The current scenario suggests that the service tax levied on the services is at the rate of 15 per cent, which includes 0.50 per cent Swachh Bharat Cess and 0.50 per cent Krishi Kalyan Cess over and above the 14 per cent of the basic service tax figure.
Life insurance policies:
For the insurance industry, service tax has two slabs on the life insurance product. Under the life insurance stream, for a pure risk protection plans which are term plans attract a 15 per cent service tax.
Endowment plans and saving plans, which have more of investment and saving components, are charged under concessional service tax rate of 3.75 per cent for the first premium for the first year and 1.875 per cent of the service tax on the subsequent premiums.
As far as pension plans are concerned, on a single premium annuity policy, a service tax of 1.5 per cent is levied.
Non life insurance policies:
Health, motor and other non life insurance policies currently attract a service tax of 15 per cent on the insurance premium.
What are the implications on the insurance, premium under the GST regime?
The proposed rates of Service Tax under the GST regime will be 18 per cent or 22 per cent. This implies that there will be a steep increment in the amount of the current insurance premiums paid by the policyholders.
The insurance premiums will aggravate by 300 basis points or 3 per cent, if the rate of tax is glued at 18 per cent.
On the other hand, the insurance premium will rise steeply by 700 basis points or 7 per cent, if the rate of tax is fixed at 22 per cent from the current level of 15 per cent with effect from April 2017 or later.
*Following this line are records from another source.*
lemma bead_move_skew_diagram:
  assumes P: "partition_fun P" and N: "partition_fun Nn"
    and move: "\<And>w. beads_above (beta_seq t P) w
                  = beads_above (beta_seq t Nn) w + (if p \<le> w \<and> w < q then 1 else 0)"
    and pq: "p < q"
  defines "S \<equiv> diagram_fun P - diagram_fun Nn"
    and "b \<equiv> beads_above (beta_seq t P) q + 1" and "c \<equiv> beads_above (beta_seq t Nn) p + 1"
  shows "tail_row S = b" "head_row S = c" "int (card S) = q - p"
    "\<And>i j. (i, j) \<in> S \<Longrightarrow> b \<le> i \<and> i \<le> c"
proof -
  let ?fP = "beta_seq t P" and ?fN = "beta_seq t Nn"
  have sP: "strict_antimono_on {1..} ?fP" by (rule strict_antimono_beta_seq[OF P])
  have sN: "strict_antimono_on {1..} ?fN" by (rule strict_antimono_beta_seq[OF N])
  note L = bead_move_positions[OF sP sN move pq, folded b_def c_def]
  note strict = bead_move_rows(1)[OF P N move pq, folded b_def c_def]
    and eqo = bead_move_rows(2)[OF P N move pq, folded b_def c_def]
  have b1: "1 \<le> b" using b_def by simp
  have le: "Nn i \<le> P i" if "1 \<le> i" for i
    by (cases "b \<le> i \<and> i \<le> c") (use strict[of i] eqo[OF that] in auto)
  have memS: "(i, j) \<in> S \<longleftrightarrow> 1 \<le> i \<and> 1 \<le> j \<and> Nn i < j \<and> j \<le> P i" for i j
    unfolding S_def diagram_fun_def by auto
  show rows: "b \<le> i \<and> i \<le> c" if "(i, j) \<in> S" for i j
    using that eqo[of i] unfolding memS by fastforce
  have tail: "content (i, j) \<le> content (b, P b) \<and> (content (i, j) = content (b, P b) \<longrightarrow> (i, j) = (b, P b))"
    if "(i, j) \<in> S" for i j
  proof (cases "i = b")
    case False
    then have "?fP i < ?fP b" using strict_antimono_from1D[OF sP b1] rows[OF that] by simp
    then show ?thesis using that memS by (simp add: content_def beta_seq_def)
  qed (use that memS in \<open>simp add: content_def\<close>)
  have head: "content (c, Nn c + 1) \<le> content (i, j) \<and>
      (content (i, j) = content (c, Nn c + 1) \<longrightarrow> (i, j) = (c, Nn c + 1))"
    if "(i, j) \<in> S" for i j
  proof (cases "i = c")
    case False
    then have "?fN c < ?fN i" using strict_antimono_from1D[OF sN] rows[OF that] b1 by simp
    then show ?thesis using that memS by (simp add: content_def beta_seq_def)
  qed (use that memS in \<open>simp add: content_def\<close>)
  have "(b, P b) \<in> S" "(c, Nn c + 1) \<in> S" using strict[of b] strict[of c] L(3) b1 memS by auto
  then have "ribbon_tail S = (b, P b)" "ribbon_head S = (c, Nn c + 1)"
    unfolding ribbon_tail_def ribbon_head_def using tail head
    by (auto intro!: the_equality) (meson order.antisym)+
  then show "tail_row S = b" "head_row S = c" by (simp_all add: tail_row_def head_row_def)
  have "S = Sigma {1..c} (\<lambda>i. {Suc (Nn i)..P i})"
  proof (rule set_eqI)
    fix a :: "nat \<times> nat"
    obtain i j where a: "a = (i, j)" by (cases a)
    show "a \<in> S \<longleftrightarrow> a \<in> Sigma {1..c} (\<lambda>i. {Suc (Nn i)..P i})"
      unfolding a using rows[of i j] memS[of i j] by auto
  qed
  then have "card S = (\<Sum>i=1..c. card {Suc (Nn i)..P i})"
    by (simp add: card_SigmaI)
  then have "int (card S) = (\<Sum>i=1..c. int (P i - Nn i))" by simp
  also have "\<dots> = (\<Sum>i=1..c. ?fP i - ?fN i)"
    by (rule sum.cong) (use le in \<open>auto simp: beta_seq_def\<close>)
  also have "\<dots> = q - p"
    using bead_move_sum_diff[of ?fP b q ?fN c p c] L b1 by simp
  finally show "int (card S) = q - p" .
qed

section \<open>Partitions, diagrams and dominance\<close>

lemma is_partition_Nil: "is_partition []"
  unfolding is_partition_def by simp

lemma part_eq_0: "length la < i \<Longrightarrow> part la i = 0"
  unfolding part_def by auto

lemma partition_fun_part:
  assumes "is_partition la" shows "partition_fun (part la)"
  unfolding partition_fun_def
proof (intro conjI allI impI)
  fix i j :: nat assume ij: "1 \<le> i" "i \<le> j"
  show "part la j \<le> part la i"
  proof (cases "j \<le> length la \<and> i < j")
    case True
    then have "i - 1 < j - 1" "j - 1 < length la" using ij by auto
    then have "la ! (j - 1) \<le> la ! (i - 1)"
      using assms sorted_wrt_nth_less[of "(\<ge>)" la "i - 1" "j - 1"] by (simp add: is_partition_def)
    then show ?thesis using True ij by (simp add: part_def)
  qed (use ij in \<open>auto simp: part_def\<close>)
qed (use part_eq_0 in blast)

lemma partition_fun_min:
  assumes "partition_fun P" "partition_fun Q" shows "partition_fun (\<lambda>i. min (P i) (Q i))"
proof -
  obtain N where "\<forall>i>N. P i = 0" using assms(1) unfolding partition_fun_def by blast
  then have "\<forall>i>N. min (P i) (Q i) = 0" by simp
  moreover have "\<forall>i j. 1 \<le> i \<longrightarrow> i \<le> j \<longrightarrow> min (P j) (Q j) \<le> min (P i) (Q i)"
    using assms unfolding partition_fun_def min.bounded_iff min_le_iff_disj by blast
  ultimately show ?thesis unfolding partition_fun_def by blast
qed

lemma length_le_psize: "is_partition la \<Longrightarrow> length la \<le> psize la"
  unfolding is_partition_def psize_def
  by (induction la) (auto simp: Suc_le_eq)

lemma diagram_rows: "(i, j) \<in> diagram la \<Longrightarrow> 1 \<le> i \<and> i \<le> length la"
  unfolding diagram_def part_def by (auto split: if_splits)

lemma part_le_psize: "part la i \<le> psize la"
  unfolding part_def psize_def by (auto intro: member_le_sum_list)

lemma finite_diagram: "finite (diagram la)"
proof (rule finite_subset)
  show "diagram la \<subseteq> {1..length la} \<times> {0..psize la}"
  proof
    fix a assume "a \<in> diagram la"
    then show "a \<in> {1..length la} \<times> {0..psize la}"
      using diagram_rows[of "fst a" "snd a" la] part_le_psize[of la "fst a"]
      by (auto simp: diagram_def)
  qed
qed simp

lemma sum_part_eq_card_rows: "(\<Sum>i=1..k. part la i) = card {a \<in> diagram la. fst a \<le> k}"
proof -
  have "{a \<in> diagram la. fst a \<le> k} = Sigma {1..k} (\<lambda>i. {1..part la i})"
    unfolding diagram_def by auto
  then show ?thesis by (simp add: card_SigmaI)
qed

lemma card_diagram: "card (diagram la) = psize la"
proof -
  have "psize la = (\<Sum>i<length la. la ! i)"
    unfolding psize_def by (simp add: sum_list_sum_nth atLeast0LessThan)
  also have "\<dots> = (\<Sum>i=1..length la. part la i)"
    by (rule sum.reindex_bij_witness[of _ "\<lambda>i. i - 1" "\<lambda>i. i + 1"]) (auto simp: part_def)
  also have "\<dots> = card {a \<in> diagram la. fst a \<le> length la}"
    by (rule sum_part_eq_card_rows)
  also have "{a \<in> diagram la. fst a \<le> length la} = diagram la"
    using diagram_rows by fastforce
  finally show ?thesis by simp
qed

lemma dom_le_if_rows_separated:
  assumes below: "\<And>i j. (i, j) \<in> diagram la - diagram mu \<Longrightarrow> c < i"
    and above: "\<And>i j. (i, j) \<in> diagram mu - diagram la \<Longrightarrow> i \<le> c"
    and card: "card (diagram la - diagram mu) = card (diagram mu - diagram la)"
  shows "dom_le la mu"
proof -
  let ?rows = "\<lambda>D k. {a \<in> D. fst a \<le> k}"
  have split: "card (?rows (diagram A) k)
      = card (?rows (diagram A \<inter> diagram B) k) + card (?rows (diagram A - diagram B) k)" for A B k
  proof -
    have "card (?rows (diagram A) k)
        = card (?rows (diagram A \<inter> diagram B) k \<union> ?rows (diagram A - diagram B) k)"
      by (rule arg_cong[where f = card]) blast
    also have "\<dots> = card (?rows (diagram A \<inter> diagram B) k) + card (?rows (diagram A - diagram B) k)"
      by (rule card_Un_disjoint) (use finite_diagram[of A] in auto)
    finally show ?thesis .
  qed
  have "(\<Sum>i=1..k. part la i) \<le> (\<Sum>i=1..k. part mu i)" for k
  proof (cases "k \<le> c")
    case True
    then have empty: "?rows (diagram la - diagram mu) k = {}" using below by fastforce
    have "card (?rows (diagram la) k) \<le> card (?rows (diagram mu) k)"
      using split[of la k mu] split[of mu k la] unfolding empty by (simp add: Int_commute)
    then show ?thesis unfolding sum_part_eq_card_rows .
  next
    case False
    then have all: "?rows (diagram mu - diagram la) k = diagram mu - diagram la" using above by fastforce
    have "card (?rows (diagram la - diagram mu) k) \<le> card (diagram la - diagram mu)"
      using finite_diagram[of la] by (intro card_mono) auto
    then have "card (?rows (diagram la) k) \<le> card (?rows (diagram mu) k)"
      using split[of la k mu] split[of mu k la] card unfolding all by (simp add: Int_commute)
    then show ?thesis unfolding sum_part_eq_card_rows .
  qed
  moreover have "psize la = psize mu"
  proof -
    have "card (diagram A) = card (diagram A \<inter> diagram B) + card (diagram A - diagram B)" for A B
      using finite_diagram[of A] by (metis card_Int_Diff finite_Int finite_Diff)
    then show ?thesis using card by (metis card_diagram Int_commute)
  qed
  ultimately show ?thesis unfolding dom_le_def by blast
qed

lemma inj_on_content_skew:
  assumes P: "partition_fun P" and Q: "partition_fun Q"
    and square: "no_square (diagram_fun P - diagram_fun Q)"
  shows "inj_on content (diagram_fun P - diagram_fun Q)"
proof (rule inj_onI)
  let ?S = "diagram_fun P - diagram_fun Q"
  have memS: "(i, j) \<in> ?S \<longleftrightarrow> 1 \<le> i \<and> 1 \<le> j \<and> Q i < j \<and> j \<le> P i" for i j
    unfolding diagram_fun_def by auto
  have anti: "P j \<le> P i" "Q j \<le> Q i" if "1 \<le> i" "i \<le> j" for i j
    using P Q that unfolding partition_fun_def by auto
  have no_diagonal: False
    if "(i, j) \<in> ?S" "(i', j') \<in> ?S" "i < i'" "int j' - int i' = int j - int i" for i j i' j'
  proof -
    have h: "1 \<le> i" "1 \<le> j" "Q i < j" "j \<le> P i" "j' \<le> P i'" using that memS by auto
    have "j < j'" using that by linarith
    have "P i' \<le> P (i + 1)" "Q (i + 1) \<le> Q i" using anti[of "i + 1" i'] anti[of i "i + 1"] h that by auto
    then have "(i, j) \<in> ?S \<and> (i + 1, j) \<in> ?S \<and> (i, j + 1) \<in> ?S \<and> (i + 1, j + 1) \<in> ?S"
      using h \<open>j < j'\<close> anti[of i "i + 1"] anti[of i i'] that unfolding memS by auto
    then show False using square unfolding no_square_def by blast
  qed
  fix a a' assume that: "a \<in> ?S" "a' \<in> ?S" "content a = content a'"
  show "a = a'"
  proof (rule ccontr)
    assume ne: "a \<noteq> a'"
    obtain i j i' j' where a: "a = (i, j)" "a' = (i', j')" by (cases a, cases a')
    have "i \<noteq> i'" using ne a that(3) by (auto simp: content_def)
    then have "i < i' \<or> i' < i" by arith
    moreover have m: "(i, j) \<in> ?S" "(i', j') \<in> ?S" using that a by auto
    moreover have "int j' - int i' = int j - int i" using that(3) a by (simp add: content_def)
    ultimately show False using no_diagonal[OF m(1) m(2)] no_diagonal[OF m(2) m(1)] by auto
  qed
qed

lemma ribbon_head_tail_mem:
  assumes P: "partition_fun P" and Q: "partition_fun Q"
    and rib: "ribbon (diagram_fun P - diagram_fun Q)" and fin: "finite (diagram_fun P - diagram_fun Q)"
  shows "ribbon_head (diagram_fun P - diagram_fun Q) \<in> diagram_fun P - diagram_fun Q"
    "ribbon_tail (diagram_fun P - diagram_fun Q) \<in> diagram_fun P - diagram_fun Q"
proof -
  let ?S = "diagram_fun P - diagram_fun Q"
  have inj: "inj_on content ?S"
    using inj_on_content_skew[OF P Q] rib unfolding ribbon_def by blast
  have ne: "?S \<noteq> {}" using rib unfolding ribbon_def by simp
  define mn where "mn = Min (content ` ?S)"
  define mx where "mx = Max (content ` ?S)"
  have "mn \<in> content ` ?S" "mx \<in> content ` ?S" using fin ne unfolding mn_def mx_def by auto
  then obtain a1 a2 where a1: "a1 \<in> ?S" "content a1 = mn" and a2: "a2 \<in> ?S" "content a2 = mx" by blast
  have min: "\<forall>b\<in>?S. content a1 \<le> content b" using a1 fin unfolding mn_def by simp
  have "ribbon_head ?S = a1" unfolding ribbon_head_def
  proof (rule the_equality)
    fix a assume "a \<in> ?S \<and> (\<forall>b\<in>?S. content a \<le> content b)"
    then show "a = a1" using inj_onD[OF inj, of a a1] a1 min by force
  qed (use a1 min in auto)
  then show "ribbon_head ?S \<in> ?S" using a1 by simp
  have max: "\<forall>b\<in>?S. content b \<le> content a2" using a2 fin unfolding mx_def by simp
  have "ribbon_tail ?S = a2" unfolding ribbon_tail_def
  proof (rule the_equality)
    fix a assume "a \<in> ?S \<and> (\<forall>b\<in>?S. content b \<le> content a)"
    then show "a = a2" using inj_onD[OF inj, of a a2] a2 max by force
  qed (use a2 max in auto)
  then show "ribbon_tail ?S \<in> ?S" using a2 by simp
qed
Example: If you are currently paying Rs 1000 as an insurance premium for your term plan, you are paying Rs 150 as service tax; the total premium comes to Rs 1150 that you pay to your insurance company.
But with an enhancement in the tax rate under GST reform, you will pay an increased premium of either Rs 1180 (if the GST rate is fixed at 18 per cent) or Rs 1220 (if the GST rate is fixed at 22 per cent by the GST Council).
The Arvind Subramanian Committee has, however, recommended a GST rate of 18 per cent along with inculcating the differential pricing for specific products.
Segment wise implication on the various types of policies:
Life insurance policies:
Term plans are the pure risk protection plans which will pay the policy value in case the insured dies during the contract term. There is no maturity value or investment component attached to a plain vanilla term plan.
Service tax rates on term insurance premium will witness an abrupt increase from 15 per cent to the proposed 18 per cent or 22 per cent GST on the basic premium.
In case of the life insurance plans like endowment plans or savings plan, there is a differential pricing followed as these specific products have more of investment component than the risk component associated with its framework.
The tax is anticipated to rise up to 5.50 per cent and for renewal premiums up to 2.75 per cent if the tax rate is fixed at 22 per cent or will rise to 4.50 per cent and 2.25 per cent for the subsequent premiums, if GST is fixed at 22 per cent.
For single premium annuity policy, the service tax rate will rest either up to 1.8 per cent or 2.2 per cent under the new regime.
Non life insurance policies:
Health, motor and other non-life insurance premiums will also witness a rise in service tax from the current level of 15 per cent to 18 per cent or 22 per cent from April 2017 or later.
The premium will get costlier by 3 per cent to 7 per cent, depending upon the rate fixed by the GST Council.
Insurance is purely taken to financially protect your loved ones or your property or any third party loss in the event of the covered risk resulting in a loss.
Under the new GST regime, it is evident that the premiums are likely to rise. This calls for a rework in your allocation of resources towards the financial instruments held at your end.
Planning your finances early will save you from the sudden outflow of financial resources. You may also consult an online/offline financial expert(s) for the same.
If you intend to buy an insurance plan, it is important to compare an insurance plan considering the new tax regime before making a final buying decision. Buy an appropriate plan meeting your requirements and financial security to avert the impact of any kind of risk associated to you, your family or your property.